Using the records below, find how many lines hold the word "obtain" and reply with only that number.

[Items from a dataset]:
########

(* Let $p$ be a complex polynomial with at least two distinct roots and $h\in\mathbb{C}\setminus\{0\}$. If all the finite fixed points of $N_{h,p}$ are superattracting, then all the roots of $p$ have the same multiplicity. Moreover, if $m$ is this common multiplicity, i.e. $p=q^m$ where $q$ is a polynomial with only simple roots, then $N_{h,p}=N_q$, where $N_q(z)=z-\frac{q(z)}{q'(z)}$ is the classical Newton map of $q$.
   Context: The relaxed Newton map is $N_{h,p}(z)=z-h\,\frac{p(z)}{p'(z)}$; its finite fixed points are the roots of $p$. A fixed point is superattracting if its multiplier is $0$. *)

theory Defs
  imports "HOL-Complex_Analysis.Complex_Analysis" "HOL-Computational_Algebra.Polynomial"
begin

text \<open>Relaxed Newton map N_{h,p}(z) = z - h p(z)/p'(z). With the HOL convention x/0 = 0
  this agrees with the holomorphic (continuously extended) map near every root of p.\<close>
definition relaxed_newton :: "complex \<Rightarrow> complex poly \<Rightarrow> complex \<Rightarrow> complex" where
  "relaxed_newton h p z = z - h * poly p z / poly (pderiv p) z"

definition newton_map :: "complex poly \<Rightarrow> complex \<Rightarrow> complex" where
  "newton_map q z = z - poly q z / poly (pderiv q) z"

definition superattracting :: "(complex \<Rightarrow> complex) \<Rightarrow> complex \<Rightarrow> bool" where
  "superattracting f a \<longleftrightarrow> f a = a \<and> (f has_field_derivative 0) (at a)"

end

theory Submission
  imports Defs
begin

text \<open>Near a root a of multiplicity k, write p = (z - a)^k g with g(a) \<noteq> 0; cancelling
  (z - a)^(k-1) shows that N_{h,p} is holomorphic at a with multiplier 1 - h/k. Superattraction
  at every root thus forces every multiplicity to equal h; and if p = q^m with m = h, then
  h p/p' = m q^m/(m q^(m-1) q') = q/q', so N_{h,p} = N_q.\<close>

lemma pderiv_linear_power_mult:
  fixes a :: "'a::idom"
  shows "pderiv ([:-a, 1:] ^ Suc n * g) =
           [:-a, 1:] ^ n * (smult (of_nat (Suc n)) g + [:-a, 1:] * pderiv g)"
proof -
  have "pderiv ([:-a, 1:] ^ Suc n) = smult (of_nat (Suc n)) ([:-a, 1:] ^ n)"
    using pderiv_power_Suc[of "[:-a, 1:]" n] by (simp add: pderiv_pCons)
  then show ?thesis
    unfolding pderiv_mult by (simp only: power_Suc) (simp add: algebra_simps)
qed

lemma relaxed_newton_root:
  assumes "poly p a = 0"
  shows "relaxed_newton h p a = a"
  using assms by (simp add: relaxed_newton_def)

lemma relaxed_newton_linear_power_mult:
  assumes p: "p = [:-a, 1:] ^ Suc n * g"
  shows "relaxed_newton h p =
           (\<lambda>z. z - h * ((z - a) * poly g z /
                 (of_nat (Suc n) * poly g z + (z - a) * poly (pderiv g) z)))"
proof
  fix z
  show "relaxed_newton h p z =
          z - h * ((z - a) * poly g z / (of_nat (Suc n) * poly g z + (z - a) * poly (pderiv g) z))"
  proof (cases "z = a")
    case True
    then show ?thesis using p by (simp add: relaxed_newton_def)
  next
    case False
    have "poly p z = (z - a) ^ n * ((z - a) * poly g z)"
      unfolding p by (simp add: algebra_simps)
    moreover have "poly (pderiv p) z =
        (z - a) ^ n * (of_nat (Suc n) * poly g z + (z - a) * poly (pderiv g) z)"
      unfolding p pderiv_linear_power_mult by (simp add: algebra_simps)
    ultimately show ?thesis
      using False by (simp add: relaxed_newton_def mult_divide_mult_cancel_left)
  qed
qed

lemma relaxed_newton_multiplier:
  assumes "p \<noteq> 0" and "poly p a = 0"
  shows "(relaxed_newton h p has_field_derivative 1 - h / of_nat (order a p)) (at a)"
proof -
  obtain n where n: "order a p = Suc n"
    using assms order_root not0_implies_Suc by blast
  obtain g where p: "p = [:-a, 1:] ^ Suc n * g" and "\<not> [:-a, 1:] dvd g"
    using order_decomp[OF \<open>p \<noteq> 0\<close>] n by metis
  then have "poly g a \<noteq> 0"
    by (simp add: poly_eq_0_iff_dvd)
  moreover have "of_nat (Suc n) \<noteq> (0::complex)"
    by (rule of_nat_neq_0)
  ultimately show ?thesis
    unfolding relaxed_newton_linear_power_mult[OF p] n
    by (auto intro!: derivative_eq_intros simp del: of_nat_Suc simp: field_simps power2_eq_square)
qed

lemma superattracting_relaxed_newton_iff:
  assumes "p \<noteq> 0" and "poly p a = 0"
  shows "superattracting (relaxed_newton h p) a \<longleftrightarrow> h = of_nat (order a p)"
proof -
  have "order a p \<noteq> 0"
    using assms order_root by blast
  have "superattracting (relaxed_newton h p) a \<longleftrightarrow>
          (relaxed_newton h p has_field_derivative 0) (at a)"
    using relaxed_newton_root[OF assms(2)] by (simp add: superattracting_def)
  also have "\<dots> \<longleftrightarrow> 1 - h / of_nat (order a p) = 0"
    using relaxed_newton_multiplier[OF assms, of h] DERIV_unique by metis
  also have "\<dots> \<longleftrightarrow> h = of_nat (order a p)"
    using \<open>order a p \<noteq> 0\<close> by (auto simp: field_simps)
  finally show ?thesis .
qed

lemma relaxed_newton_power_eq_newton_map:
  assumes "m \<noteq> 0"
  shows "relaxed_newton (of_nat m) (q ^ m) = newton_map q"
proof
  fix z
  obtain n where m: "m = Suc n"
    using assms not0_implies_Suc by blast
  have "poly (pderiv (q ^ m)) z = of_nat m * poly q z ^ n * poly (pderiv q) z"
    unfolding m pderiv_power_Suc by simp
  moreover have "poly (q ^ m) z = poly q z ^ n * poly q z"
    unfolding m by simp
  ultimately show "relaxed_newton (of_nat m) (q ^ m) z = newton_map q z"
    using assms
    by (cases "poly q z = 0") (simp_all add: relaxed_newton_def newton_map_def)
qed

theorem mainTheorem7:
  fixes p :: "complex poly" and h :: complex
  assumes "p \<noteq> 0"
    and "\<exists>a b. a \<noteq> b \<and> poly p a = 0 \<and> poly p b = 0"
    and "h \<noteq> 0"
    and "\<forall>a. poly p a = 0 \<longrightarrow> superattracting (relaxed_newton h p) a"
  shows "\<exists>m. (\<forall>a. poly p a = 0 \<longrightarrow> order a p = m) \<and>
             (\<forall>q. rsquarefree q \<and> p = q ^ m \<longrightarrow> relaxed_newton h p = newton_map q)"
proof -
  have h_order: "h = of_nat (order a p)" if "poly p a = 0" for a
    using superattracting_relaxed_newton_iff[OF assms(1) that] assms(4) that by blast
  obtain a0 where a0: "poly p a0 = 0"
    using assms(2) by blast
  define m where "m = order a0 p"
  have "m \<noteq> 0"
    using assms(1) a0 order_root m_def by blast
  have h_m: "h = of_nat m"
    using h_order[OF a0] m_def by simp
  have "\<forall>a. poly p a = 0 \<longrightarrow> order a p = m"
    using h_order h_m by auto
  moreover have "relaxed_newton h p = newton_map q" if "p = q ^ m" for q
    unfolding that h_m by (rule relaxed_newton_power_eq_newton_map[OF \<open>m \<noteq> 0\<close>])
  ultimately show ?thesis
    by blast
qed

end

########

[Answer for the task]:
4